Prior2Former - Evidential Modeling of Mask Transformers for Assumption-Free Open-World Panoptic Segmentation
(Sebastian Schmidt*, Julius Koerner*, Dominik Fuchsgruber, Stefano Gasperini, Federico Tombari, Stephan Günnemann)
In panoptic segmentation, individual instances must be separated within semantic classes. As state-of-the-art methods rely on a pre-defined set of classes, they struggle with novel categories and out-of-distribution (OOD) data. This is particularly problematic in safety-critical applications, such as autonomous driving, where reliability in unseen scenarios is essential. We address the gap between outstanding benchmark performance and reliability by proposing Prior2Former(P2F), the first approach for segmentation vision transformers rooted in evidential learning. P2F extends the mask vision transformer architecture by incorporating a Beta prior for computing model uncertainty in pixel-wise binary mask assignments. This design enables high-quality uncertainty estimation that effectively detects novel and OOD objects enabling state-of-the-art anomaly instance segmentation and open-world panoptic segmentation. Unlike most segmentation models addressing unknown classes, P2F operates without access to OOD data samples or contrastive training on void (i.e., unlabeled) classes, making it highly applicable in real-world scenarios where such prior information is unavailable. Additionally, P2F can be flexibly applied to anomaly instance and panoptic segmentation.

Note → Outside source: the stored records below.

(* Write g_q for the cosine transform fp_cos q.  Differentiation under the integral sign and
   integration by parts give f_p' = g_(p+1) and 2 f_(p+2) = p f_p + w g_(p+1), so f_p solves
   2 y'' + w y' + p y = 0.  For solutions y1, y2 with parameters p1 < p2 the weighted Wronskian
   W = e^(w^2/4) (y1 y2' - y1' y2) has W' = e^(w^2/4) (p1 - p2) y1 y2 / 2, which gives Sturm
   comparison: between two zeros of y1 there is a zero of y2.

   Upper bound: Rolle's theorem for e^(w^2/4) f_(p+2), whose derivative is a multiple of
   e^(w^2/4) g_(p+1), and for e^(w^2/4) g_(p+1), whose derivative is a multiple of
   e^(w^2/4) f_p, shows that f_(p+2) has at most one positive zero more than f_p.

   Lower bound: for q = 2k+2 < p, Sturm comparison puts a zero of f_p after 0 and after every
   positive zero of f_q.  Beyond the last one, W tends to 0 at infinity, because e^(w^2/4) f_q
   grows like a polynomial of degree 2k+1 while f_p(w) = O(w^(-p)).

   For 0 < p <= 2 there is no positive zero: f_2 = (w/2) g_1(0) e^(-w^2/4), and for p < 2 the
   first zero of f_p would force a zero of f_2.  Induction on k concludes. *)

section \<open>Integrals over the half-line\<close>

lemma set_integrable_powr_div_exp:
  assumes s: "s > 0"
  shows "set_integrable lborel {0<..} (\<lambda>x::real. x powr (s - 1) / exp x)"
proof -
  have "integrable lborel (\<lambda>x. indicator {0..} x * (x powr (s - 1) / exp x))"
  proof (rule integrableI_nonneg)
    show "(\<lambda>x. indicator {0..} x * (x powr (s - 1) / exp x)) \<in> borel_measurable lborel"
      by measurable
    show "AE x in lborel. 0 \<le> indicator {0..} x * (x powr (s - 1) / exp x)"
      by (auto simp: indicator_def)
    have "(\<integral>\<^sup>+x. ennreal (indicator {0..} x * (x powr (s - 1) / exp x)) \<partial>lborel) = ennreal (Gamma s)"
      using Gamma_conv_nn_integral_real[OF s] by (simp add: mult.assoc)
    then show "(\<integral>\<^sup>+x. ennreal (indicator {0..} x * (x powr (s - 1) / exp x)) \<partial>lborel) < \<infinity>"
      by simp
  qed
  then have "set_integrable lborel {0..} (\<lambda>x. x powr (s - 1) / exp x)"
    by (simp add: set_integrable_def)
  then show ?thesis
    by (rule set_integrable_subset) auto
qed

lemma set_integrable_powr_gaussian:
  fixes h :: "real \<Rightarrow> real"
  assumes s: "s > 0" and h: "h \<in> borel_measurable borel" "\<And>x. \<bar>h x\<bar> \<le> 1"
  shows "set_integrable lborel {0<..} (\<lambda>x. x powr (s - 1) * exp (- (x\<^sup>2)) * h x)"
proof -
  have gamma: "set_integrable lborel {0<..} (\<lambda>x. exp (1/4) * (x powr (s - 1) / exp x))"
    using set_integrable_powr_div_exp[OF s] by (rule set_integrable_mult_right)
  show ?thesis
  proof (rule set_integrable_bound[OF gamma])
    show "set_borel_measurable lborel {0<..} (\<lambda>x. x powr (s - 1) * exp (- (x\<^sup>2)) * h x)"
      unfolding set_borel_measurable_def using h(1) by measurable
    have "x powr (s - 1) * exp (- (x\<^sup>2)) * \<bar>h x\<bar> \<le> exp (1/4) * (x powr (s - 1) / exp x)"
      for x :: real
    proof -
      have "- (x\<^sup>2) \<le> 1/4 - x"
        using zero_le_power2[of "x - 1/2"] by (simp add: power2_eq_square algebra_simps)
      then have "exp (- (x\<^sup>2)) * \<bar>h x\<bar> \<le> exp (1/4 - x) * 1"
        using h(2)[of x] by (intro mult_mono) auto
      then have "x powr (s - 1) * (exp (- (x\<^sup>2)) * \<bar>h x\<bar>) \<le> x powr (s - 1) * (exp (1/4 - x) * 1)"
        by (rule mult_left_mono) simp
      then show ?thesis
        by (simp add: exp_diff mult_ac)
    qed
    then show "AE x in lborel. x \<in> {0<..} \<longrightarrow> norm (x powr (s - 1) * exp (- (x\<^sup>2)) * h x)
        \<le> norm (exp (1/4) * (x powr (s - 1) / exp x))"
      by (simp add: abs_mult)
  qed
qed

GeoDiffusion: A Training-Free Framework for Accurate 3D Geometric Conditioning in Image Generation
(Phillip Mueller*, Talip Ünlü*, Sebastian Schmidt, Marcel Kollovieh, Jiajie Fan, Stephan Günnemann, Lars Mikelsons)
Precise geometric control in image generation is essential for fields like engineering, product design, and creative industries to control 3-D object features accurately in 2D image space. Traditional 3D editing approaches are time-consuming and demand specialized skills, while current image-based generative methods lack accuracy in geometric conditioning. To address these challenges, we propose GeoDiffusion, a training-free framework for accurate and efficient geometric conditioning of 3D features in image generation, ensuring viewpoint consistency. With GeoDrag, a novel dragging algorithm in our framework, we improve the accuracy and speed of drag-based image editing on geometry guidance tasks and general instructions on DragBench.